→ **What is being asked**
Give back all of the data exactly as it appears here.
((
(* Let $F$ be an infinite field, $n>1$ an integer, and $p\in F[x]$ a nonconstant polynomial. Then every noncentral matrix in $\mathrm{M}_n(F)$ with trace zero belongs to $p[\mathrm{M}_n(F),\mathrm{M}_n(F)]=\{p(AB)-p(BA)\mid A,B\in\mathrm{M}_n(F)\}$. Moreover, if $F$ has characteristic zero, then $$p[\mathrm{M}_n(F),\mathrm{M}_n(F)]=\{A\in\mathrm{M}_n(F)\mid \mathrm{trace}(A)=0\}.$$ *)

theory Defs
  imports "HOL-Analysis.Analysis" "HOL-Computational_Algebra.Polynomial"
begin

primrec matpow :: "'a::semiring_1^'n^'n \<Rightarrow> nat \<Rightarrow> 'a^'n^'n" where
  "matpow A 0 = mat 1"
| "matpow A (Suc k) = A ** matpow A k"

definition poly_mat :: "'a::comm_ring_1 poly \<Rightarrow> 'a^'n^'n \<Rightarrow> 'a^'n^'n" where
  "poly_mat p A = (\<Sum>i\<le>degree p. mat (coeff p i) ** matpow A i)"

definition central_mat :: "'a::semiring_1^'n^'n \<Rightarrow> bool" where
  "central_mat A \<longleftrightarrow> (\<forall>B. A ** B = B ** A)"

definition poly_commutator_image :: "'a::comm_ring_1 poly \<Rightarrow> ('a^'n^'n) set" where
  "poly_commutator_image p = {poly_mat p (A ** B) - poly_mat p (B ** A) | A B. True}"

end

theory Submission
  imports Defs
begin

text \<open>
  Over any field, a trace-zero matrix \<open>C\<close> that is not scalar is similar to a matrix \<open>C'\<close>
  with zero diagonal (Fillmore). One row operation at a time (a shear \<open>I + e\<^sub>a z\<^sup>T\<close> and its
  inverse) kills one diagonal entry while keeping a non-scalar block on the remaining indices.

  Since the field is infinite and \<open>p\<close> is nonconstant, \<open>p\<close> takes infinitely many values, so
  \<open>D = p(T)\<close> has distinct diagonal entries for a suitable diagonal \<open>T\<close>. Write \<open>C' = (D + U) - (D + L)\<close>
  with \<open>U\<close> strictly upper and \<open>L\<close> strictly lower triangular with respect to some enumeration of
  the indices. A triangular perturbation of a diagonal matrix with distinct entries is similar to
  it, so \<open>D + U\<close> and \<open>D + L\<close> are both conjugates of \<open>p(T)\<close>, and a difference of two conjugates
  of \<open>p(T)\<close> has the form \<open>p(AB) - p(BA)\<close>. The image is closed under similarity, hence
  contains \<open>C\<close>.

  Conversely \<open>trace (p(AB)) = trace (p(BA))\<close>, and in characteristic zero the only central
  (i.e. scalar) trace-zero matrix is \<open>0\<close>.
\<close>

lemma matrix_add_rdistrib: "(B + C) ** A = B ** A + C ** (A::'a::semiring_1^'p^'n)"
  by (vector matrix_matrix_mult_def sum.distrib[symmetric] field_simps)

lemma matrix_diff_ldistrib: "A ** (B - C) = A ** B - A ** (C::'a::ring_1^'p^'n)"
  by (vector matrix_matrix_mult_def sum_subtractf[symmetric] field_simps)

lemma matrix_diff_rdistrib: "(B - C) ** A = B ** A - C ** (A::'a::ring_1^'p^'n)"
  by (vector matrix_matrix_mult_def sum_subtractf[symmetric] field_simps)

lemma mat_mult_nth: "(mat c ** A)$i$j = c * (A::'a::semiring_1^'n^'m)$i$j"
  by (simp add: matrix_matrix_mult_def mat_def if_distrib if_distribR cong: if_cong)

lemma mult_mat_nth: "(A ** mat c)$i$j = (A::'a::semiring_1^'n^'m)$i$j * c"
  by (simp add: matrix_matrix_mult_def mat_def if_distrib if_distribR cong: if_cong)

lemma mat_mult_commute: "mat c ** (A::'a::comm_semiring_1^'n^'n) = A ** mat c"
  by (simp add: vec_eq_iff mat_mult_nth mult_mat_nth mult.commute)

lemma matrix_mult_conj:
  fixes P Q X Y :: "'a::semiring_1^'n^'n"
  assumes "Q ** P = mat 1"
  shows "(P ** X ** Q) ** (P ** Y ** Q) = P ** (X ** Y) ** Q"
proof -
  have "(P ** X ** Q) ** (P ** Y ** Q) = P ** X ** (Q ** P) ** Y ** Q"
    by (simp add: matrix_mul_assoc)
  then show ?thesis
    using assms by (simp add: matrix_mul_assoc)
qed

lemma sum_delta_mult:
  "(\<Sum>k\<in>(UNIV::'n::finite set). (if k = b then s else 0) * f k) = s * (f b :: 'a::semiring_0)"
proof -
  have "(\<Sum>k\<in>UNIV. (if k = b then s else 0) * f k) = (\<Sum>k\<in>UNIV. if k = b then s * f k else 0)"
    by (rule sum.cong) auto
  then show ?thesis
    by simp
qed

lemma central_mat_iff_scalar: "central_mat (A::'a::comm_semiring_1^'n^'n) \<longleftrightarrow> (\<exists>c. A = mat c)"
proof
  assume central: "central_mat A"
  fix a :: 'n
  define c where "c = A$a$a"
  have "A$k$i = (if k = i then c else 0)" for k i
  proof -
    define E :: "'a^'n^'n" where "E = (\<chi> x y. if x = i \<and> y = a then 1 else 0)"
    have "(A ** E)$k$a = A$k$i" "(E ** A)$k$a = (if k = i then c else 0)"
      by (simp_all add: E_def c_def matrix_matrix_mult_def if_distrib if_distribR cong: if_cong)
    moreover have "A ** E = E ** A"
      using central unfolding central_mat_def by blast
    ultimately show ?thesis
      by simp
  qed
  then show "\<exists>c. A = mat c"
    by (auto simp: vec_eq_iff mat_def)
next
  assume "\<exists>c. A = mat c"
  then show "central_mat A"
    unfolding central_mat_def using mat_mult_commute by blast
qed

section \<open>Similarity and shears\<close>

definition similar_mat :: "'a::semiring_1^'n^'n \<Rightarrow> 'a^'n^'n \<Rightarrow> bool" where
  "similar_mat A B \<longleftrightarrow> (\<exists>P Q. P ** Q = mat 1 \<and> Q ** P = mat 1 \<and> B = P ** A ** Q)"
))
→ **Exercise output**
(* Let $F$ be an infinite field, $n>1$ an integer, and $p\in F[x]$ a nonconstant polynomial. Then every noncentral matrix in $\mathrm{M}_n(F)$ with trace zero belongs to $p[\mathrm{M}_n(F),\mathrm{M}_n(F)]=\{p(AB)-p(BA)\mid A,B\in\mathrm{M}_n(F)\}$. Moreover, if $F$ has characteristic zero, then $$p[\mathrm{M}_n(F),\mathrm{M}_n(F)]=\{A\in\mathrm{M}_n(F)\mid \mathrm{trace}(A)=0\}.$$ *)

theory Defs
  imports "HOL-Analysis.Analysis" "HOL-Computational_Algebra.Polynomial"
begin

primrec matpow :: "'a::semiring_1^'n^'n \<Rightarrow> nat \<Rightarrow> 'a^'n^'n" where
  "matpow A 0 = mat 1"
| "matpow A (Suc k) = A ** matpow A k"

definition poly_mat :: "'a::comm_ring_1 poly \<Rightarrow> 'a^'n^'n \<Rightarrow> 'a^'n^'n" where
  "poly_mat p A = (\<Sum>i\<le>degree p. mat (coeff p i) ** matpow A i)"

definition central_mat :: "'a::semiring_1^'n^'n \<Rightarrow> bool" where
  "central_mat A \<longleftrightarrow> (\<forall>B. A ** B = B ** A)"

definition poly_commutator_image :: "'a::comm_ring_1 poly \<Rightarrow> ('a^'n^'n) set" where
  "poly_commutator_image p = {poly_mat p (A ** B) - poly_mat p (B ** A) | A B. True}"

end

theory Submission
  imports Defs
begin

text \<open>
  Over any field, a trace-zero matrix \<open>C\<close> that is not scalar is similar to a matrix \<open>C'\<close>
  with zero diagonal (Fillmore). One row operation at a time (a shear \<open>I + e\<^sub>a z\<^sup>T\<close> and its
  inverse) kills one diagonal entry while keeping a non-scalar block on the remaining indices.

  Since the field is infinite and \<open>p\<close> is nonconstant, \<open>p\<close> takes infinitely many values, so
  \<open>D = p(T)\<close> has distinct diagonal entries for a suitable diagonal \<open>T\<close>. Write \<open>C' = (D + U) - (D + L)\<close>
  with \<open>U\<close> strictly upper and \<open>L\<close> strictly lower triangular with respect to some enumeration of
  the indices. A triangular perturbation of a diagonal matrix with distinct entries is similar to
  it, so \<open>D + U\<close> and \<open>D + L\<close> are both conjugates of \<open>p(T)\<close>, and a difference of two conjugates
  of \<open>p(T)\<close> has the form \<open>p(AB) - p(BA)\<close>. The image is closed under similarity, hence
  contains \<open>C\<close>.

  Conversely \<open>trace (p(AB)) = trace (p(BA))\<close>, and in characteristic zero the only central
  (i.e. scalar) trace-zero matrix is \<open>0\<close>.
\<close>

lemma matrix_add_rdistrib: "(B + C) ** A = B ** A + C ** (A::'a::semiring_1^'p^'n)"
  by (vector matrix_matrix_mult_def sum.distrib[symmetric] field_simps)

lemma matrix_diff_ldistrib: "A ** (B - C) = A ** B - A ** (C::'a::ring_1^'p^'n)"
  by (vector matrix_matrix_mult_def sum_subtractf[symmetric] field_simps)

lemma matrix_diff_rdistrib: "(B - C) ** A = B ** A - C ** (A::'a::ring_1^'p^'n)"
  by (vector matrix_matrix_mult_def sum_subtractf[symmetric] field_simps)

lemma mat_mult_nth: "(mat c ** A)$i$j = c * (A::'a::semiring_1^'n^'m)$i$j"
  by (simp add: matrix_matrix_mult_def mat_def if_distrib if_distribR cong: if_cong)

lemma mult_mat_nth: "(A ** mat c)$i$j = (A::'a::semiring_1^'n^'m)$i$j * c"
  by (simp add: matrix_matrix_mult_def mat_def if_distrib if_distribR cong: if_cong)

lemma mat_mult_commute: "mat c ** (A::'a::comm_semiring_1^'n^'n) = A ** mat c"
  by (simp add: vec_eq_iff mat_mult_nth mult_mat_nth mult.commute)

lemma matrix_mult_conj:
  fixes P Q X Y :: "'a::semiring_1^'n^'n"
  assumes "Q ** P = mat 1"
  shows "(P ** X ** Q) ** (P ** Y ** Q) = P ** (X ** Y) ** Q"
proof -
  have "(P ** X ** Q) ** (P ** Y ** Q) = P ** X ** (Q ** P) ** Y ** Q"
    by (simp add: matrix_mul_assoc)
  then show ?thesis
    using assms by (simp add: matrix_mul_assoc)
qed

lemma sum_delta_mult:
  "(\<Sum>k\<in>(UNIV::'n::finite set). (if k = b then s else 0) * f k) = s * (f b :: 'a::semiring_0)"
proof -
  have "(\<Sum>k\<in>UNIV. (if k = b then s else 0) * f k) = (\<Sum>k\<in>UNIV. if k = b then s * f k else 0)"
    by (rule sum.cong) auto
  then show ?thesis
    by simp
qed

lemma central_mat_iff_scalar: "central_mat (A::'a::comm_semiring_1^'n^'n) \<longleftrightarrow> (\<exists>c. A = mat c)"
proof
  assume central: "central_mat A"
  fix a :: 'n
  define c where "c = A$a$a"
  have "A$k$i = (if k = i then c else 0)" for k i
  proof -
    define E :: "'a^'n^'n" where "E = (\<chi> x y. if x = i \<and> y = a then 1 else 0)"
    have "(A ** E)$k$a = A$k$i" "(E ** A)$k$a = (if k = i then c else 0)"
      by (simp_all add: E_def c_def matrix_matrix_mult_def if_distrib if_distribR cong: if_cong)
    moreover have "A ** E = E ** A"
      using central unfolding central_mat_def by blast
    ultimately show ?thesis
      by simp
  qed
  then show "\<exists>c. A = mat c"
    by (auto simp: vec_eq_iff mat_def)
next
  assume "\<exists>c. A = mat c"
  then show "central_mat A"
    unfolding central_mat_def using mat_mult_commute by blast
qed

section \<open>Similarity and shears\<close>

definition similar_mat :: "'a::semiring_1^'n^'n \<Rightarrow> 'a^'n^'n \<Rightarrow> bool" where
  "similar_mat A B \<longleftrightarrow> (\<exists>P Q. P ** Q = mat 1 \<and> Q ** P = mat 1 \<and> B = P ** A ** Q)"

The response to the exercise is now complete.